[TASK INSTRUCTIONS]: Return every line from the records below with the string "longlonglongrightarrow".

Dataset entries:
lemma norm_le_of_exp_growth:
  fixes h :: "'a::comm_cstar_algebra"
  assumes h: "selfadjoint h" "exp_growth h c" "exp_growth (- h) c"
  shows "norm h \<le> c"
proof -
  have "norm (exp h) \<le> exp c" "norm (exp (- h)) \<le> exp c"
    using h(2,3) unfolding exp_growth_def by (metis mult_1 order_refl scaleR_one zero_le_one)+
  then have "norm (exp h * exp (- h)) \<le> exp c * exp c"
    by (meson norm_ge_zero norm_mult_ineq mult_mono order_trans)
  then have "1 \<le> exp c * exp c" by (simp add: exp_minus_inverse)
  then have "1 \<le> exp (c + c)" by (simp only: exp_add)
  then have "0 \<le> c" by simp
  have positive_case: "norm h \<le> c" if "c > 0" "exp_growth h c" "exp_growth (- h) c" for c
  proof (rule ccontr)
    assume "\<not> norm h \<le> c"
    then have "norm h / c > 1" using \<open>c > 0\<close> by simp
    then obtain k where k: "exp 1 * 2 ^ k < (norm h / c) ^ 2 ^ k"
      using exists_exp_one_mult_pow2_less by blast
    define n :: nat where "n = 2 ^ k"
    have "n \<ge> 1" by (simp add: n_def)
    have "(n / c) ^ n / fact n * norm (h ^ n) \<le> exp (c * (n / c))"
      by (rule exp_growth_cauchy_estimate[OF h(1) that(2,3)]) (use \<open>c > 0\<close> \<open>n \<ge> 1\<close> in auto)
    then have "real n ^ n * (norm h / c) ^ n \<le> exp (real n) * fact n"
      using \<open>c > 0\<close> by (simp add: n_def norm_power2_selfadjoint[OF h(1)] power_divide field_simps)
    also have "\<dots> = exp (real n - 1) * fact n * exp 1" by (simp flip: exp_add)
    also have "\<dots> \<le> real n ^ (n + 1) * exp 1"
      using exp_mult_fact_le[OF \<open>n \<ge> 1\<close>] by simp
    finally have "(norm h / c) ^ n \<le> exp 1 * n"
      using \<open>n \<ge> 1\<close> by (simp add: mult.commute)
    then show False using k by (simp add: n_def)
  qed
  show ?thesis
  proof (rule field_le_epsilon)
    fix e :: real
    assume "e > 0"
    then show "norm h \<le> c + e"
      using \<open>0 \<le> c\<close> h(2,3) by (intro positive_case) (auto intro: exp_growth_mono)
  qed
qed

section \<open>Positive elements\<close>

definition is_positive :: "'a::comm_cstar_algebra \<Rightarrow> bool" where
  "is_positive p \<longleftrightarrow> selfadjoint p \<and> exp_growth (- p) 0"

lemma exp_growth_add: "exp_growth h a \<Longrightarrow> exp_growth k b \<Longrightarrow> exp_growth (h + k) (a + b)"
  unfolding exp_growth_def
proof (intro allI impI)
  fix t :: real
  assume h: "\<forall>t\<ge>0. norm (exp (t *\<^sub>R h)) \<le> exp (t * a)" and k: "\<forall>t\<ge>0. norm (exp (t *\<^sub>R k)) \<le> exp (t * b)"
    and "t \<ge> 0"
  have "norm (exp (t *\<^sub>R (h + k))) \<le> norm (exp (t *\<^sub>R h)) * norm (exp (t *\<^sub>R k))"
    by (simp add: scaleR_add_right exp_add_commutative norm_mult_ineq)
  also have "\<dots> \<le> exp (t * a) * exp (t * b)"
    using h k \<open>t \<ge> 0\<close> by (intro mult_mono) auto
  finally show "norm (exp (t *\<^sub>R (h + k))) \<le> exp (t * (a + b))"
    by (simp add: distrib_left exp_add)
qed

lemma exp_growth_norm: "exp_growth h (norm h)"
  unfolding exp_growth_def using norm_exp by (metis abs_of_nonneg norm_scaleR)

lemma is_positive_add: "is_positive p \<Longrightarrow> is_positive q \<Longrightarrow> is_positive (p + q)"
  unfolding is_positive_def using exp_growth_add[of "- p" 0 "- q" 0]
  by (simp add: selfadjoint_add add.commute)

lemma is_positive_0: "is_positive 0"
  by (simp add: is_positive_def selfadjoint_def exp_growth_def)

lemma is_positive_scaleR:
  assumes "is_positive p" "r \<ge> 0"
  shows "is_positive (r *\<^sub>R p)"
proof -
  have "norm (exp (t *\<^sub>R - (r *\<^sub>R p))) \<le> exp (t * 0)" if "t \<ge> 0" for t
    using assms(1)[unfolded is_positive_def exp_growth_def, THEN conjunct2, rule_format, of "t * r"]
      assms(2) that by simp
  then show ?thesis using assms(1) by (simp add: is_positive_def exp_growth_def selfadjoint_scaleR)
qed

lemma is_positive_sum: "(\<And>i. i \<in> I \<Longrightarrow> is_positive (f i)) \<Longrightarrow> is_positive (sum f I)"
  by (induct I rule: infinite_finite_induct) (auto simp: is_positive_add is_positive_0)

lemma is_positive_limit:
  assumes "\<And>n. is_positive (f n)" "f \<longlonglongrightarrow> p"
  shows "is_positive p"
  unfolding is_positive_def exp_growth_def
proof (intro conjI allI impI)
  have "(\<lambda>n. cstar (f n)) \<longlonglongrightarrow> cstar p" by (rule tendsto_cstar[OF assms(2)])
  moreover have "(\<lambda>n. cstar (f n)) = f" using assms(1) by (auto simp: is_positive_def selfadjoint_def)
  ultimately show "selfadjoint p" using LIMSEQ_unique assms(2) by (auto simp: selfadjoint_def)
  fix t :: real
  assume "t \<ge> 0"
  have "(\<lambda>n. norm (exp (t *\<^sub>R - f n))) \<longlonglongrightarrow> norm (exp (t *\<^sub>R - p))"
    by (intro tendsto_norm tendsto_exp_commutative tendsto_scaleR tendsto_const tendsto_minus assms(2))
  moreover have "norm (exp (t *\<^sub>R - f n)) \<le> exp (t * 0)" for n
    using assms(1) \<open>t \<ge> 0\<close> by (simp add: is_positive_def exp_growth_def)
  ultimately show "norm (exp (t *\<^sub>R - p)) \<le> exp (t * 0)"
    by (intro LIMSEQ_le_const2) auto
qed

lemma is_positive_suminf: "(\<And>n. is_positive (f n)) \<Longrightarrow> summable f \<Longrightarrow> is_positive (suminf f)"
  by (rule is_positive_limit[of "\<lambda>n. \<Sum>i<n. f i"]) (auto intro: is_positive_sum summable_LIMSEQ)

lemma norm_le_norm_add_positive:
  assumes "is_positive p" "is_positive q"
  shows "norm p \<le> norm (p + q)"
proof (rule norm_le_of_exp_growth)
  show "selfadjoint p" using assms by (simp add: is_positive_def)
  have "exp_growth ((p + q) + - q) (norm (p + q) + 0)"
    using assms(2) by (intro exp_growth_add exp_growth_norm) (simp add: is_positive_def)
  then show "exp_growth p (norm (p + q))" by simp
  show "exp_growth (- p) (norm (p + q))"
    using assms by (auto simp: is_positive_def intro: exp_growth_mono)
qed

lemma norm_diff_le_norm_add_positive:
  assumes "is_positive p" "is_positive q"
  shows "norm (p - q) \<le> norm (p + q)"
proof (rule norm_le_of_exp_growth)
  show "selfadjoint (p - q)" using assms by (simp add: is_positive_def selfadjoint_diff)
  have "exp_growth ((p + q) + - (2 *\<^sub>R q)) (norm (p + q) + 0)"
    using is_positive_scaleR[OF assms(2), of 2]
    by (intro exp_growth_add exp_growth_norm) (simp add: is_positive_def)
  then show "exp_growth (p - q) (norm (p + q))" by (simp add: scaleR_2)
  have "exp_growth ((p + q) + - (2 *\<^sub>R p)) (norm (p + q) + 0)"
    using is_positive_scaleR[OF assms(1), of 2]
    by (intro exp_growth_add exp_growth_norm) (simp add: is_positive_def)
  then show "exp_growth (- (p - q)) (norm (p + q))" by (simp add: scaleR_2)
qed

lemma norm_cosh_minus_taylor_le:
  fixes w :: "'a::{real_normed_algebra_1,banach}"
  assumes "norm w \<le> 1"
  shows "norm ((1/2) *\<^sub>R (exp w + exp (- w)) - (1 + (1/2) *\<^sub>R (w * w))) \<le> 3 * norm w ^ 3"
proof -
  define E1 where "E1 = exp w - (\<Sum>m<3. w ^ m /\<^sub>R fact m)"
  define E2 where "E2 = exp (- w) - (\<Sum>m<3. (- w) ^ m /\<^sub>R fact m)"
  have "(\<Sum>m<3. w ^ m /\<^sub>R fact m) + (\<Sum>m<3. (- w) ^ m /\<^sub>R fact m) = 2 *\<^sub>R (1 + (1/2) *\<^sub>R (w * w))"
    by (simp add: numeral_3_eq_3 power2_eq_square scaleR_2 add_ac)
  then have "E1 + E2 = (exp w + exp (- w)) - 2 *\<^sub>R (1 + (1/2) *\<^sub>R (w * w))"
    unfolding E1_def E2_def by (simp add: algebra_simps)
  then have "(1/2) *\<^sub>R (exp w + exp (- w)) - (1 + (1/2) *\<^sub>R (w * w)) = (1/2) *\<^sub>R (E1 + E2)"
    by (simp add: scaleR_diff_right)
  moreover have "norm E1 \<le> 3 * norm w ^ 3" "norm E2 \<le> 3 * norm w ^ 3"
    using norm_exp_minus_taylor_le_small[of w 3] norm_exp_minus_taylor_le_small[of "- w" 3] assms
    by (simp_all add: E1_def E2_def)
  ultimately show ?thesis using norm_triangle_ineq[of E1 E2] by simp
qed

text \<open>Up to an error of order norm y ^ 3, the element exp(-y^2/2) is the average of the
  unitaries exp(iy) and exp(-iy); writing exp(-t x^2) as a high power of such an element
  removes the error.\<close>

lemma norm_exp_neg_half_square_le:
  fixes y :: "'a::comm_cstar_algebra"
  assumes y: "selfadjoint y" "norm y \<le> 1"
  shows "norm (exp (- ((1/2) *\<^sub>R (y * y)))) \<le> 1 + 4 * norm y ^ 3"
proof -
  define J where "J = of_complex \<i> * y"
  define u where "u = (1/2) *\<^sub>R (y * y)"
  define C where "C = (1/2) *\<^sub>R (exp J + exp (- J))"
  have "norm (exp J) = 1" "norm (exp (- J)) = 1"
    using norm_exp_imag_selfadjoint[of y] norm_exp_imag_selfadjoint[of "- y"] y(1)
    by (simp_all add: J_def selfadjoint_def)
  then have "norm C \<le> 1" unfolding C_def using norm_triangle_ineq[of "exp J" "exp (- J)"] by simp
  have "J * J = (of_complex \<i> * of_complex \<i>) * (y * y)" by (simp only: J_def ac_simps)
  then have JJ: "1 + (1/2) *\<^sub>R (J * J) = 1 - u" by (simp add: u_def of_complex_i_squared)
  have "norm J \<le> norm y" using norm_mult_ineq[of "of_complex \<i>" y] by (simp add: J_def)
  then have "norm (C - (1 - u)) \<le> 3 * norm J ^ 3"
    using norm_cosh_minus_taylor_le[of J] y(2) unfolding C_def JJ[symmetric] by simp
  also have "\<dots> \<le> 3 * norm y ^ 3" using \<open>norm J \<le> norm y\<close> by (simp add: power_mono)
  finally have "norm (C - (1 - u)) \<le> 3 * norm y ^ 3" .
  have "norm u \<le> norm y ^ 2 / 2"
    by (simp add: u_def power2_eq_square norm_mult_ineq)
  moreover have "norm y ^ 2 \<le> 1" using y(2) by (simp add: power_le_one)
  ultimately have "norm (exp (- u) - (1 - u)) \<le> 3 * norm u ^ 2"
    using norm_exp_minus_taylor_le_small[of "- u" 2] by (simp add: numeral_2_eq_2)
  also have "\<dots> \<le> 3 * (norm y ^ 2 / 2) ^ 2"
    using \<open>norm u \<le> norm y ^ 2 / 2\<close> by (simp add: power_mono)
  also have "\<dots> = 3 / 4 * norm y ^ 4" by (simp add: power_divide flip: power_mult)
  also have "\<dots> \<le> norm y ^ 3"
  proof -
    have "norm y ^ 4 \<le> norm y ^ 3" using y(2) by (intro power_decreasing) simp_all
    moreover have "0 \<le> norm y ^ 4" by simp
    ultimately show ?thesis by linarith
  qed
  finally have "norm (exp (- u) - (1 - u)) \<le> norm y ^ 3" .
  moreover have "norm (exp (- u)) \<le> norm (C - (C - (1 - u))) + norm (exp (- u) - (1 - u))"
    using norm_triangle_ineq[of "C - (C - (1 - u))" "exp (- u) - (1 - u)"] by simp
  moreover have "norm (C - (C - (1 - u))) \<le> norm C + norm (C - (1 - u))"
    by (rule norm_triangle_ineq4)
  ultimately show ?thesis
    using \<open>norm C \<le> 1\<close> \<open>norm (C - (1 - u)) \<le> 3 * norm y ^ 3\<close> unfolding u_def by simp
qed

lemma norm_exp_neg_square_le:
  fixes x :: "'a::comm_cstar_algebra"
  assumes "selfadjoint x" "t \<ge> 0"
  defines "a \<equiv> sqrt (2 * t) * norm x"
  assumes "a \<le> 2 ^ j"
  shows "norm (exp (t *\<^sub>R - (x * x))) \<le> exp (4 * a ^ 3 / 2 ^ j)"
proof -
  define y where "y = (sqrt (2 * t) / 2 ^ j) *\<^sub>R x"
  have "norm y = a / 2 ^ j" using assms(2) by (simp add: y_def a_def)
  then have "norm y \<le> 1" using assms(4) by simp
  have "real (4 ^ j) * ((1/2) * (sqrt (2 * t) / 2 ^ j)\<^sup>2) = t"
    using assms(2) by (simp add: power_divide power2_eq_square flip: power_mult_distrib)
  then have "t *\<^sub>R - (x * x) = real (4 ^ j) *\<^sub>R - ((1/2) *\<^sub>R (y * y))"
    by (simp add: y_def power2_eq_square ac_simps)
  then have "t *\<^sub>R - (x * x) = of_nat (4 ^ j) * - ((1/2) *\<^sub>R (y * y))"
    by (simp only: scaleR_conv_of_real of_real_of_nat_eq)
  then have "norm (exp (t *\<^sub>R - (x * x))) = norm (exp (- ((1/2) *\<^sub>R (y * y))) ^ 4 ^ j)"
    by (simp only: exp_of_nat_mult_commutative)
  also have "\<dots> \<le> norm (exp (- ((1/2) *\<^sub>R (y * y)))) ^ 4 ^ j"
    by (rule norm_power_ineq)
  also have "\<dots> \<le> (1 + 4 * norm y ^ 3) ^ 4 ^ j"
    using assms \<open>norm y \<le> 1\<close>
    by (intro power_mono norm_exp_neg_half_square_le) (simp_all add: y_def selfadjoint_scaleR)
  also have "\<dots> \<le> exp (4 * norm y ^ 3) ^ 4 ^ j"
    by (intro power_mono exp_ge_add_one_self) simp
  also have "\<dots> = exp (4 * a ^ 3 / 2 ^ j)"
  proof -
    have "(4::real) ^ j = 2 ^ j * 2 ^ j" by (simp flip: power_mult_distrib)
    then show ?thesis
      by (simp add: \<open>norm y = a / 2 ^ j\<close> power_divide power3_eq_cube field_simps flip: exp_of_nat_mult)
  qed
  finally show ?thesis .
qed

lemma exp_growth_neg_square:
  assumes "selfadjoint x"
  shows "exp_growth (- (x * x)) 0"
  unfolding exp_growth_def
proof (intro allI impI)
  fix t :: real
  assume "t \<ge> 0"
  define a where "a = sqrt (2 * t) * norm x"
  obtain N where "a < 2 ^ N" using real_arch_pow[of 2 a] by auto
  then have "eventually (\<lambda>j. a \<le> 2 ^ j) sequentially"
    unfolding eventually_sequentially
    by (intro exI[of _ N] allI impI order_trans[OF less_imp_le power_increasing]) simp_all
  then have "eventually (\<lambda>j. norm (exp (t *\<^sub>R - (x * x))) \<le> exp (4 * a ^ 3 / 2 ^ j)) sequentially"
    by (rule eventually_mono) (use norm_exp_neg_square_le[OF assms \<open>t \<ge> 0\<close>] a_def in simp)
  moreover have "(\<lambda>j. exp (4 * a ^ 3 / 2 ^ j)) \<longlonglongrightarrow> exp 0"
    by (intro tendsto_exp LIMSEQ_divide_realpow_zero) simp
  ultimately show "norm (exp (t *\<^sub>R - (x * x))) \<le> exp (t * 0)"
    by (simp add: tendsto_lowerbound)
qed

lemma is_positive_square: "selfadjoint x \<Longrightarrow> is_positive (x * x)"
  by (simp add: is_positive_def selfadjoint_mult exp_growth_neg_square)

lemma is_positive_cstar_mult: "is_positive (cstar c * (c::'a::comm_cstar_algebra))"
proof -
  define x :: 'a where "x = c + cstar c"
  define y :: 'a where "y = of_complex \<i> * (c - cstar c)"
  have "selfadjoint x" "selfadjoint y"
    by (simp_all add: selfadjoint_def x_def y_def cstar_add algebra_simps)
  have "y * y = (of_complex \<i> * of_complex \<i>) * ((c - cstar c) * (c - cstar c))"
    by (simp only: y_def ac_simps)
  then have "x * x + y * y = 4 *\<^sub>R (cstar c * c)"
    by (simp add: x_def of_complex_i_squared scaleR_conv_of_real algebra_simps)
  then have "cstar c * c = (1/4) *\<^sub>R (x * x + y * y)" by simp
  then show ?thesis
    using \<open>selfadjoint x\<close> \<open>selfadjoint y\<close>
    by (simp add: is_positive_scaleR is_positive_add is_positive_square)
qed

[RESULT OF THE EXERCISE]:
  assumes "\<And>n. is_positive (f n)" "f \<longlonglongrightarrow> p"
  have "(\<lambda>n. cstar (f n)) \<longlonglongrightarrow> cstar p" by (rule tendsto_cstar[OF assms(2)])
  have "(\<lambda>n. norm (exp (t *\<^sub>R - f n))) \<longlonglongrightarrow> norm (exp (t *\<^sub>R - p))"
  moreover have "(\<lambda>j. exp (4 * a ^ 3 / 2 ^ j)) \<longlonglongrightarrow> exp 0"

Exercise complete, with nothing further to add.